This project provides a full pipeline for analyzing financial news sentences using state-of-the-art NLP techniques. It includes:
- Data cleaning and exploratory analysis
- Topic modeling with LDA
- Sentiment classification using FinBERT and open-source LLMs
- Retrieval-Augmented Generation (RAG) for improved LLM performance
- Fine-tuning FinBERT for domain-specific sentiment analysis
-
Preprocessing & EDA:
- Load and clean the Financial PhraseBank dataset.
- Analyze sentiment distribution and text statistics.
-
Topic Modeling:
- Apply LDA to discover and interpret latent topics in financial text.
-
Sentiment Analysis:
- Use FinBERT for sentiment prediction.
- Evaluate with accuracy, F1-score, and confusion matrix.
-
Local LLM Sentiment Analysis:
- Run Mistral-7B or similar LLMs for zero-shot/few-shot sentiment classification.

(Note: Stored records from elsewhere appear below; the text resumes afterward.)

lemma alpha_val_surjective:
  assumes "cartan_matrix l C"
  shows "\<exists>x. (\<forall>k<l. alpha_val l C k x = b k) \<and> (\<forall>j\<ge>l. x j = (0::real))"
proof -
  define M :: "real mat" where "M = mat l l (\<lambda>(k,j). of_int (C k j))"
  have M: "M \<in> carrier_mat l l" unfolding M_def by simp
  define extend :: "real vec \<Rightarrow> nat \<Rightarrow> real" where "extend v j = (if j < l then v $ j else 0)" for v j
  have M_mult: "(M *\<^sub>v v) $ k = alpha_val l C k (extend v)" if "k < l" "v \<in> carrier_vec l" for k v
    using that unfolding M_def alpha_val_def extend_def
    by (auto simp: scalar_prod_def lessThan_atLeast0 mult.commute intro!: sum.cong)
  have "det M \<noteq> 0"
  proof
    assume "det M = 0"
    then obtain v where v: "v \<in> carrier_vec l" "v \<noteq> 0\<^sub>v l" "M *\<^sub>v v = 0\<^sub>v l"
      using det_0_iff_vec_prod_zero_field[OF M] by blast
    have "\<forall>k<l. alpha_val l C k (extend v) = 0"
      using v(1,3) M_mult by (metis index_zero_vec(1))
    then have "\<forall>j<l. v $ j = 0"
      using alpha_val_nondegenerate[OF assms] unfolding extend_def by fastforce
    then have "v = 0\<^sub>v l" using v(1) by (intro eq_vecI) auto
    with v(2) show False by simp
  qed
  from det_non_zero_imp_unit[OF M this, of "()"]
  obtain B where B: "B \<in> carrier_mat l l" "M * B = 1\<^sub>m l"
    unfolding Units_def ring_mat_def by auto
  define b' where "b' = vec l b"
  define v where "v = B *\<^sub>v b'"
  have v: "v \<in> carrier_vec l" unfolding v_def b'_def using B by simp
  have "M *\<^sub>v v = b'" unfolding v_def b'_def
    using B M by (simp add: assoc_mult_mat_vec[symmetric, of M l l B l])
  then have "\<forall>k<l. alpha_val l C k (extend v) = b k"
    using M_mult[OF _ v] by (simp add: b'_def)
  then show ?thesis by (intro exI[of _ "extend v"]) (simp add: extend_def)
qed
definition v_complete :: "('a::field \<Rightarrow> int) \<Rightarrow> bool" where
  "v_complete v \<longleftrightarrow>
     (\<forall>X :: nat \<Rightarrow> 'a.
        (\<forall>N. \<exists>M. \<forall>m\<ge>M. \<forall>n\<ge>M. X m - X n \<in> vball v N) \<longrightarrow>
        (\<exists>L. \<forall>N. \<exists>M. \<forall>n\<ge>M. X n - L \<in> vball v N))"

definition valring :: "('a::field \<Rightarrow> int) \<Rightarrow> 'a set" where
  "valring v = vball v 0"

definition maxideal :: "('a::field \<Rightarrow> int) \<Rightarrow> 'a set" where
  "maxideal v = vball v 1"

definition residue_rel :: "('a::field \<Rightarrow> int) \<Rightarrow> ('a \<times> 'a) set" where
  "residue_rel v = {(x, y). x \<in> valring v \<and> y \<in> valring v \<and> x - y \<in> maxideal v}"

definition residue_field :: "('a::field \<Rightarrow> int) \<Rightarrow> 'a set set" where
  "residue_field v = valring v // residue_rel v"

definition newton_pts :: "('a::field \<Rightarrow> int) \<Rightarrow> 'a poly \<Rightarrow> (int \<times> int) set" where
  "newton_pts v f = {(int i, v (coeff f i)) | i. coeff f i \<noteq> 0}"

text \<open>c lies on or above the (non-vertical) line through a and b, where fst a < fst b.\<close>
definition on_or_above :: "int \<times> int \<Rightarrow> int \<times> int \<Rightarrow> int \<times> int \<Rightarrow> bool" where
  "on_or_above a b c \<longleftrightarrow> (snd b - snd a) * (fst c - fst a) \<le> (snd c - snd a) * (fst b - fst a)"

definition on_line :: "int \<times> int \<Rightarrow> int \<times> int \<Rightarrow> int \<times> int \<Rightarrow> bool" where
  "on_line a b c \<longleftrightarrow> (snd b - snd a) * (fst c - fst a) = (snd c - snd a) * (fst b - fst a)"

- Compare with FinBERT results.
-
RAG:
- Retrieve similar examples using FAISS and sentence-transformers.
- Augment LLM prompts for better sentiment prediction.
-
Fine-Tuning:
- Fine-tune FinBERT on the dataset.
- Visualize and evaluate the improved model.
- Preprocessed data and topic assignments
- Sentiment predictions from FinBERT, LLM, and RAG
- Evaluation metrics and visualizations
- Fine-tuned FinBERT model
- Python (with Jupyter Notebook)
- pandas, numpy, matplotlib, seaborn, nltk, scikit-learn
- torch, transformers, sentence-transformers, faiss
Open DLP_Assignment_3.ipynb and run the cells step by step. Follow the comments for guidance.